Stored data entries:
____
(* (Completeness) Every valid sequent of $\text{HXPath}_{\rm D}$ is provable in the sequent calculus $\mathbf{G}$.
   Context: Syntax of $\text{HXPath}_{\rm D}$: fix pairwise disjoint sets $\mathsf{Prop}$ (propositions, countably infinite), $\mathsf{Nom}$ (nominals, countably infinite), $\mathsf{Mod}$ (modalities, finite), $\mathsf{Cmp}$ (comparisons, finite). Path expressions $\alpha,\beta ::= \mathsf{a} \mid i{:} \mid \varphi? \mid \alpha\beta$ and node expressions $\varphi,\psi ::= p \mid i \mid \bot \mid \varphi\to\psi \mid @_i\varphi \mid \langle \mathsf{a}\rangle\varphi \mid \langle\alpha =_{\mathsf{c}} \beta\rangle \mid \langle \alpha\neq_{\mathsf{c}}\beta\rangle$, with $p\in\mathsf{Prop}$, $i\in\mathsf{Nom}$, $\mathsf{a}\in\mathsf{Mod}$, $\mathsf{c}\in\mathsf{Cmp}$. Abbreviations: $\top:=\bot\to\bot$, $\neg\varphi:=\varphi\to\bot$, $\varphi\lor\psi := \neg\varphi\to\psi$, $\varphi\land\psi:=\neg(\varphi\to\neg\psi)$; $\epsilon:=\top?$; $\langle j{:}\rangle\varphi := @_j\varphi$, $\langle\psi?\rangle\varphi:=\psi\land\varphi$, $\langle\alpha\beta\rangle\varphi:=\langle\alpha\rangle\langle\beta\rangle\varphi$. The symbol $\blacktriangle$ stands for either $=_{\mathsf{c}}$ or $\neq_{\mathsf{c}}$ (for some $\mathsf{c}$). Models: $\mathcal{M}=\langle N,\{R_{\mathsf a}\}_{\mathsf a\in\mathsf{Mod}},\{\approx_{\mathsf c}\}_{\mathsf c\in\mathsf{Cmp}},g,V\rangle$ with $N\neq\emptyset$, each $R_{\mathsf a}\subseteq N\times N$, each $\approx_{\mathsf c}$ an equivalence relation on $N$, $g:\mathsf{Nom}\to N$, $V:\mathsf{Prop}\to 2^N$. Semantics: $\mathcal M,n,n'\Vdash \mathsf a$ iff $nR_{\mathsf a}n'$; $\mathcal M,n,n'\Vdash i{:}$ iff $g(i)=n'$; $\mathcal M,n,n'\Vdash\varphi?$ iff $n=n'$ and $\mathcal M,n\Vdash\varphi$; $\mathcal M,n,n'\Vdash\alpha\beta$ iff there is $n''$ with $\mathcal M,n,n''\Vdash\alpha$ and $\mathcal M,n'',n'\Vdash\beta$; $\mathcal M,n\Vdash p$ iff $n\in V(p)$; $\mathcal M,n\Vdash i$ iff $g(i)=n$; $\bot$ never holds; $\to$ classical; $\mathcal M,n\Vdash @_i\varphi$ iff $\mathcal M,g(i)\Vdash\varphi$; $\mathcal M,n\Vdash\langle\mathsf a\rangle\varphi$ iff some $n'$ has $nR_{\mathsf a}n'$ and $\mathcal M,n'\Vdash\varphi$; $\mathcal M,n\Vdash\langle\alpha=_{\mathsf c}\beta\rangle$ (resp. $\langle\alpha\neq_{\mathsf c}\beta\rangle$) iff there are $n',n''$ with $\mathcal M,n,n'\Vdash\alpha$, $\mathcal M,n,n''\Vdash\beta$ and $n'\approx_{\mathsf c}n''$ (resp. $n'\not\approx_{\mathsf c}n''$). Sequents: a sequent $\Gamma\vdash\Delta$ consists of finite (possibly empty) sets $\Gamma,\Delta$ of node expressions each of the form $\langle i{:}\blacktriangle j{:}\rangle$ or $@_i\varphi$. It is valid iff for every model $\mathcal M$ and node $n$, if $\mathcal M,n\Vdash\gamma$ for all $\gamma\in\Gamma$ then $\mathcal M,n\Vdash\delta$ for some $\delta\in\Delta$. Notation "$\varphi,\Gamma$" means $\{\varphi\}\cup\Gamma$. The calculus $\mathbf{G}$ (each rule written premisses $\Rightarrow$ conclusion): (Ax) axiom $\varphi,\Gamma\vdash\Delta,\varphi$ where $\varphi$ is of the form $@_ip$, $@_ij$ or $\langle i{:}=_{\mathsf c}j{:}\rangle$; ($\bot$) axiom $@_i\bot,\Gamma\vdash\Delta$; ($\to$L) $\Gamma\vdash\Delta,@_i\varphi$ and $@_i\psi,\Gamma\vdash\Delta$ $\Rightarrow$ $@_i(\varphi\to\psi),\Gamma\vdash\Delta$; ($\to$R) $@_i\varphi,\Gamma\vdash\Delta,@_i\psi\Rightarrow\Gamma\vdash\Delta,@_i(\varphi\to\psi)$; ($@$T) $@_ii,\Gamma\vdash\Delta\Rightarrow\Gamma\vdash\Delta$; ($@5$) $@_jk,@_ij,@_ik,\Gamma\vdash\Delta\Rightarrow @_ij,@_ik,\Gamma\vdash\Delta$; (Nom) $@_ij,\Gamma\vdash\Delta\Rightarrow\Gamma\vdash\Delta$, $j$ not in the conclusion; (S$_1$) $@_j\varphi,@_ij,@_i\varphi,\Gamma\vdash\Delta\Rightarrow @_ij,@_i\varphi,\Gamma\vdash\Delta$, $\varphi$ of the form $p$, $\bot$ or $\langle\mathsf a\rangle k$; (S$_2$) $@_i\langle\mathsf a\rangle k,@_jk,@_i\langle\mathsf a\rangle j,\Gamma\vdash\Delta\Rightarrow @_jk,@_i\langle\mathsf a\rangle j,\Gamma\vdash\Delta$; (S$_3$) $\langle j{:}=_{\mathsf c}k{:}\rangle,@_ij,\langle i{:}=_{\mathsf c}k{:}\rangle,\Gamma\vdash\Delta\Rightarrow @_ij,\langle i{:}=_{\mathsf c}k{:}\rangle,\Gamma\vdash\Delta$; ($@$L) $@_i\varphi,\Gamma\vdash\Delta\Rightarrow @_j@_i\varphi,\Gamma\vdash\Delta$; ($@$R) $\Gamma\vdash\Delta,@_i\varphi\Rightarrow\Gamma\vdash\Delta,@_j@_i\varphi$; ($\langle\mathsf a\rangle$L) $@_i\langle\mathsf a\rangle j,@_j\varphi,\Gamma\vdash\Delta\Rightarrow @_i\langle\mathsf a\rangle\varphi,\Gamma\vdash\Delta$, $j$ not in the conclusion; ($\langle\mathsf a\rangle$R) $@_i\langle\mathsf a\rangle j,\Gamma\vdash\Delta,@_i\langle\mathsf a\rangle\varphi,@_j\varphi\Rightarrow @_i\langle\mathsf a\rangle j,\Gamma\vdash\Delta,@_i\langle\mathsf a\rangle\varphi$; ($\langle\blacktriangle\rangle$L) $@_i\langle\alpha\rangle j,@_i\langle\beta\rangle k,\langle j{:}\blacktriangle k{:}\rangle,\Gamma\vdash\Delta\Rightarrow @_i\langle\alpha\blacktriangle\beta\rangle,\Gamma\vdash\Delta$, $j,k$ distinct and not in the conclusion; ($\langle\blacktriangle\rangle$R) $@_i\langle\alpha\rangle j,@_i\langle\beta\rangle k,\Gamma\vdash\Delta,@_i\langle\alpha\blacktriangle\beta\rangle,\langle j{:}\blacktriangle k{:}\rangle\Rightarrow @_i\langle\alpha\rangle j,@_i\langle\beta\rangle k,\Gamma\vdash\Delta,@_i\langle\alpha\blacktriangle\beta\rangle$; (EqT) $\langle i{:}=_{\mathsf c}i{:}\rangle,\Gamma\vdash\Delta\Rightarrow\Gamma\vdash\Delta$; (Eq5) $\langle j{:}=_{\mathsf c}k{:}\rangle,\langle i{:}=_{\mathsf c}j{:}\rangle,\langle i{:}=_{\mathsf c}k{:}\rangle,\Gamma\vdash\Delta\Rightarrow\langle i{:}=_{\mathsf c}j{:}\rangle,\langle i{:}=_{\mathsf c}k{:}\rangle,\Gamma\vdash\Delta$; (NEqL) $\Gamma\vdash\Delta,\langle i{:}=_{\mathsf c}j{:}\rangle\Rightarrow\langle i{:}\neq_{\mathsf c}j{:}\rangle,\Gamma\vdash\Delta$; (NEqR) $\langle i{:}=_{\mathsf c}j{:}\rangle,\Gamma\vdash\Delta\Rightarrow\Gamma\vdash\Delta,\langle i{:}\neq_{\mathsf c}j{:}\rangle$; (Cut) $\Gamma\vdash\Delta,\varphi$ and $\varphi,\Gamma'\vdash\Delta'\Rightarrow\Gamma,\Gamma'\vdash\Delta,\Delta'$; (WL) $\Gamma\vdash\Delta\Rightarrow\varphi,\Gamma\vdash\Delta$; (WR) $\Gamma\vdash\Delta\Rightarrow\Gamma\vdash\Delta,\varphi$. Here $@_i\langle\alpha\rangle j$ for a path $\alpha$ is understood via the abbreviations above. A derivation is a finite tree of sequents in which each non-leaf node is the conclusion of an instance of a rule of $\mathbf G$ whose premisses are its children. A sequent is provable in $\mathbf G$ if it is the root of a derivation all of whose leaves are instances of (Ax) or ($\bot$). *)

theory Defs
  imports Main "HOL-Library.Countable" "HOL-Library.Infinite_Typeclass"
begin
____
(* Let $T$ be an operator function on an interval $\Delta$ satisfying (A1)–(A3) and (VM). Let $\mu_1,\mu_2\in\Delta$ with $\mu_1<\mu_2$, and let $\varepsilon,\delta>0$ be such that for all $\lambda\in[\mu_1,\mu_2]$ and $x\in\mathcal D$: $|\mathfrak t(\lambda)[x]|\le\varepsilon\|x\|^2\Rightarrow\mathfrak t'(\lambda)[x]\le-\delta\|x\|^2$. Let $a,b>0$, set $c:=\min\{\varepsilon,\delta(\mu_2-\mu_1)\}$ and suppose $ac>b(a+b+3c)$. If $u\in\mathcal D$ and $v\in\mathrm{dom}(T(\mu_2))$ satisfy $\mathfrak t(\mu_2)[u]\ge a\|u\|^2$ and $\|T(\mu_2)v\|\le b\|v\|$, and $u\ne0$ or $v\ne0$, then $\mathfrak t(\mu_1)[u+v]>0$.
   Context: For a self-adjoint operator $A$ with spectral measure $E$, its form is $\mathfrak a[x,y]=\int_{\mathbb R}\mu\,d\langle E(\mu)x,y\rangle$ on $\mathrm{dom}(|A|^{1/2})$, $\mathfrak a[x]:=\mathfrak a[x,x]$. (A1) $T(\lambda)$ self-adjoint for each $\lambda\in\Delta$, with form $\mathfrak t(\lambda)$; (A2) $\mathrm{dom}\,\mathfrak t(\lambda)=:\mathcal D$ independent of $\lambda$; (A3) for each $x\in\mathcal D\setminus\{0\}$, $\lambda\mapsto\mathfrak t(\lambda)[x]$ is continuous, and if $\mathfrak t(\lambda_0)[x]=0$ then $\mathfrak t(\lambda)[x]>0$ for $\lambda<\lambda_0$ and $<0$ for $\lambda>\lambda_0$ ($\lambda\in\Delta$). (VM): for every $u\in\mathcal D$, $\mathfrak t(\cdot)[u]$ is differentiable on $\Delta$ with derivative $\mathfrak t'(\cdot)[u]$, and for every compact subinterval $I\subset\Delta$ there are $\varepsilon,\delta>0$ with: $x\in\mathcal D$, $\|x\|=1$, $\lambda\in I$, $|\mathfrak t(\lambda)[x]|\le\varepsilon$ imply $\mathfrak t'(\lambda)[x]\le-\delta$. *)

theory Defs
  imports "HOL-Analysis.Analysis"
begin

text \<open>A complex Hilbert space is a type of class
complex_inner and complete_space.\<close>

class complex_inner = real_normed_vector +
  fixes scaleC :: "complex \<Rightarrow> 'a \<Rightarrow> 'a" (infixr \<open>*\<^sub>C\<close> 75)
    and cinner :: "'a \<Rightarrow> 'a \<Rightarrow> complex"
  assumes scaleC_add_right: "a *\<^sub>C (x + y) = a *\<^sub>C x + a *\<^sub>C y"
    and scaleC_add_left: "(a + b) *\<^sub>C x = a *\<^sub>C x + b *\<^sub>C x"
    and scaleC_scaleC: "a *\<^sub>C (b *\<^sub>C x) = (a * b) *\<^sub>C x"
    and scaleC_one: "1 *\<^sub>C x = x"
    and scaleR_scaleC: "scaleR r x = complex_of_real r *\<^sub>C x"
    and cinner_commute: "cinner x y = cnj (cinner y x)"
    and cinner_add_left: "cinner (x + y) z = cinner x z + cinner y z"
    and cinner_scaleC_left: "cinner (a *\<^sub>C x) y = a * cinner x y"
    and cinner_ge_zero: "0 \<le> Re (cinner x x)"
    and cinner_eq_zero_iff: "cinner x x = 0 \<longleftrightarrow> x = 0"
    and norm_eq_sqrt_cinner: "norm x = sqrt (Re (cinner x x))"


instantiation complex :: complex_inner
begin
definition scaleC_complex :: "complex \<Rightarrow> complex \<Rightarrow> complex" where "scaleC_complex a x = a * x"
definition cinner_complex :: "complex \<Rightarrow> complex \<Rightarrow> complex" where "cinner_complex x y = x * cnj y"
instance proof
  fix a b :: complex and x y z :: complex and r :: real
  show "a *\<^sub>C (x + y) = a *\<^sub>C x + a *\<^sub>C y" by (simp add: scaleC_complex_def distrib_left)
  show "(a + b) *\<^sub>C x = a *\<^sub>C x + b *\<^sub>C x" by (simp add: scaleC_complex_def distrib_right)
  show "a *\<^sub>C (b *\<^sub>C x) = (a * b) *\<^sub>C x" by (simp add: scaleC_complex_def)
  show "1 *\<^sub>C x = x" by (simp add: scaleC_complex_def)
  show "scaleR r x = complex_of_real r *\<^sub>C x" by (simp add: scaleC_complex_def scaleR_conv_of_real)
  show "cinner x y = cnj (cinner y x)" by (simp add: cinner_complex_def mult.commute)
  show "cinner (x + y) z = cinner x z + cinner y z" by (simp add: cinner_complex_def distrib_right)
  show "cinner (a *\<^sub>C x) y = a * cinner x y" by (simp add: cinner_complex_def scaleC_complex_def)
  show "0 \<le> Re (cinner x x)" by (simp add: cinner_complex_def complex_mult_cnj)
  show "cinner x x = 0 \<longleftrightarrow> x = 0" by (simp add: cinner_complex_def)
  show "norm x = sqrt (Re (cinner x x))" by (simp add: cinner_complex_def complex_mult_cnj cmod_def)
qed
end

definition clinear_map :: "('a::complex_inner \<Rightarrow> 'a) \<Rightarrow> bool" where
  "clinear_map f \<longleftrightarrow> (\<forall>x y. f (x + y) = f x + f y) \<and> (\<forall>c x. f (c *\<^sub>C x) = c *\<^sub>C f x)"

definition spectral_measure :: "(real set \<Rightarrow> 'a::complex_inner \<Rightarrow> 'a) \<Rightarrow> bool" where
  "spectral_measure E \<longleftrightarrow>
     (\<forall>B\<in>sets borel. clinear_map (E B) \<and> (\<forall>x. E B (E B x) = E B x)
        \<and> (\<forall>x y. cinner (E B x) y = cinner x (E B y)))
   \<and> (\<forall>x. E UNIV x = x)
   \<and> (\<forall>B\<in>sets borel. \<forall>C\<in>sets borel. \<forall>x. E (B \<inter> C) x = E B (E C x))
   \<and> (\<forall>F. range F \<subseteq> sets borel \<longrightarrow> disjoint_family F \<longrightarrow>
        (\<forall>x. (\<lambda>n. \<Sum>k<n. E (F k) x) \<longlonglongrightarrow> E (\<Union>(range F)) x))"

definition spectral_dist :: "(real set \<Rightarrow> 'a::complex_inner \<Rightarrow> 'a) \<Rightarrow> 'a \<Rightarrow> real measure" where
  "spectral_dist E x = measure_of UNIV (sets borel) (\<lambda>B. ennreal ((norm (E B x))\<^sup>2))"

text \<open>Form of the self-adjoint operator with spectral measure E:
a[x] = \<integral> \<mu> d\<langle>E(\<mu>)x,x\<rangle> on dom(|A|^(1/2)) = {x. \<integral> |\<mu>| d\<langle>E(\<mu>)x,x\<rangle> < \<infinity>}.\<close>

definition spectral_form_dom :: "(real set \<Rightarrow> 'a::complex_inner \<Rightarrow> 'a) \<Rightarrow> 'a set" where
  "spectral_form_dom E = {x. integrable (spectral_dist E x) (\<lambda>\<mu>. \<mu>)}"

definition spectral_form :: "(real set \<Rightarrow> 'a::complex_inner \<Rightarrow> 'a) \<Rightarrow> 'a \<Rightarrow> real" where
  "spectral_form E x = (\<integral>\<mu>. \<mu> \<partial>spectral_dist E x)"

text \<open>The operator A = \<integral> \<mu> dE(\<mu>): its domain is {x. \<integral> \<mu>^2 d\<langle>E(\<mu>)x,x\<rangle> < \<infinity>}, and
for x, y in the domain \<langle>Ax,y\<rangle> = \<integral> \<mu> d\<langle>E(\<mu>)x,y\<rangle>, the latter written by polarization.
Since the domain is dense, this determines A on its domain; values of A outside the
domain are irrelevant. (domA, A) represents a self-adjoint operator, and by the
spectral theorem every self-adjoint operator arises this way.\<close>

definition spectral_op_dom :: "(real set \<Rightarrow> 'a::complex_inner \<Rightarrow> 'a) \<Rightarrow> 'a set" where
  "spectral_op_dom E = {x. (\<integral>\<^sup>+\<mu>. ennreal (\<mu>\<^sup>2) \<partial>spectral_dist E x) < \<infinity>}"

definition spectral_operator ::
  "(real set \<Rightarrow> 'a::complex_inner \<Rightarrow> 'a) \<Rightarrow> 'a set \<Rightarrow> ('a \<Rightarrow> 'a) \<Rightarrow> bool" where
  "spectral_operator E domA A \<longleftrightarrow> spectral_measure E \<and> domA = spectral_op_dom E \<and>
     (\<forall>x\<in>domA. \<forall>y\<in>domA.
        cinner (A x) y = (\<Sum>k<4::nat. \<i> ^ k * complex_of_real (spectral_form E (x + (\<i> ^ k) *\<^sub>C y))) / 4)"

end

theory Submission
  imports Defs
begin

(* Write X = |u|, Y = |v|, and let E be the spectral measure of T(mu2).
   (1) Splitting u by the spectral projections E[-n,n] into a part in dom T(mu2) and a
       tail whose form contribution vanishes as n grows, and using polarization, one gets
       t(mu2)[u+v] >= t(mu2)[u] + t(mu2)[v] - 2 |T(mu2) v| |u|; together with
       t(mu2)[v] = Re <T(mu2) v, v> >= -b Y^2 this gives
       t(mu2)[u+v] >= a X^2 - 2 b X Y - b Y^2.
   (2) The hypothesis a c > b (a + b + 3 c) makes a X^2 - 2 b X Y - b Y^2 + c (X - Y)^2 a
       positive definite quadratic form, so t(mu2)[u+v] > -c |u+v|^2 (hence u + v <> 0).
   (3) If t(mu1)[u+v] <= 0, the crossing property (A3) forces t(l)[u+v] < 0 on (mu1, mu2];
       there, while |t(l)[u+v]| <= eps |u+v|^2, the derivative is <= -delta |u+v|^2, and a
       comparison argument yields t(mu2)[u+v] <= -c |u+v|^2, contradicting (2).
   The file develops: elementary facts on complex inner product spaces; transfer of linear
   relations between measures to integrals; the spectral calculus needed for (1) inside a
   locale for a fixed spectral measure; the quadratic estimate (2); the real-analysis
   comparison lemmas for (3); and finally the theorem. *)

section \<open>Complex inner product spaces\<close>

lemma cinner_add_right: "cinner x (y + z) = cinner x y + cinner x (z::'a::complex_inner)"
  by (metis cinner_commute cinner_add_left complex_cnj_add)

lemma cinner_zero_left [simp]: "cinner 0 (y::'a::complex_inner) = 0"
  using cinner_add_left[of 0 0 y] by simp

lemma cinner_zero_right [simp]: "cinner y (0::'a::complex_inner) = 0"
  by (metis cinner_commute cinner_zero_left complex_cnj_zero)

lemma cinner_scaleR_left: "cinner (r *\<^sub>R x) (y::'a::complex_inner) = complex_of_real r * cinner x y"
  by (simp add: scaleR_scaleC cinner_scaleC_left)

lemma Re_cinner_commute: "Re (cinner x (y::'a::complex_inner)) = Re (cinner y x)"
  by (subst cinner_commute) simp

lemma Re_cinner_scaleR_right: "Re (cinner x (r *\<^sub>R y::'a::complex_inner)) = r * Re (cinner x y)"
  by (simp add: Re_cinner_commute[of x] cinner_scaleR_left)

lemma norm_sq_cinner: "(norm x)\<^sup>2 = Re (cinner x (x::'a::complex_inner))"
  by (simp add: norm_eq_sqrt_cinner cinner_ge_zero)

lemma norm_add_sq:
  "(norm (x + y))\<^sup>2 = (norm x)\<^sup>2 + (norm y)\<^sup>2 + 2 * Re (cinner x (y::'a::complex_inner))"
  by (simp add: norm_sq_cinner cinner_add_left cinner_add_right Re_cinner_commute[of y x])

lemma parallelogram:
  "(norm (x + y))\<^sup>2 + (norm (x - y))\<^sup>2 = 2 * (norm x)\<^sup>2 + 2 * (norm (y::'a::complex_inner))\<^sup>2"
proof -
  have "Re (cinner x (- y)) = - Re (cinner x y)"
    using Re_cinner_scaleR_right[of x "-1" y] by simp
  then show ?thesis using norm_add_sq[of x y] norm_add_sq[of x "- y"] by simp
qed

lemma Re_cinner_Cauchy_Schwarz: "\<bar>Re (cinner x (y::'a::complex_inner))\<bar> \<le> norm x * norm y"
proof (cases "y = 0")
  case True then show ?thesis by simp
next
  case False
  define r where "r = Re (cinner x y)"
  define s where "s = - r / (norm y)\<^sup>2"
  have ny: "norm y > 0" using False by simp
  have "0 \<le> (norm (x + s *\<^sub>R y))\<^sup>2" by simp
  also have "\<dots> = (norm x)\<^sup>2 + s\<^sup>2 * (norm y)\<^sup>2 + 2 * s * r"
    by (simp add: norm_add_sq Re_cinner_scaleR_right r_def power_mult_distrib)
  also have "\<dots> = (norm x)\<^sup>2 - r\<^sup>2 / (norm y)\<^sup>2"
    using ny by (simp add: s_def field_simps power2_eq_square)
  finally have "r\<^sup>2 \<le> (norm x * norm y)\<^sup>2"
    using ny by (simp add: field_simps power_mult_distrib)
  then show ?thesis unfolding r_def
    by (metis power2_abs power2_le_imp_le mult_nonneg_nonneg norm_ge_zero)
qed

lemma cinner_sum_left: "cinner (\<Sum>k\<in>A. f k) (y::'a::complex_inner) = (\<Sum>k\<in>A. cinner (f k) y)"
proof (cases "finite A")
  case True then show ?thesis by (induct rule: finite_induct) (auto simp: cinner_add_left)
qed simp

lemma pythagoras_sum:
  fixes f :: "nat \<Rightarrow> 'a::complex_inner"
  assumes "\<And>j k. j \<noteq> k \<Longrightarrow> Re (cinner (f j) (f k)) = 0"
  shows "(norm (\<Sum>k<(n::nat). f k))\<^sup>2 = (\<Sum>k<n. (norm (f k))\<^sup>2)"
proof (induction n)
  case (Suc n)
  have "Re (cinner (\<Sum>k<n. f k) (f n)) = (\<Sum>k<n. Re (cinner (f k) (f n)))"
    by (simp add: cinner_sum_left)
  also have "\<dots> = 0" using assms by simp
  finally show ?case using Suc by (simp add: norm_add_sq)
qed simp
____
Within the data, how many lines hold "True"? Respond with only the number.

2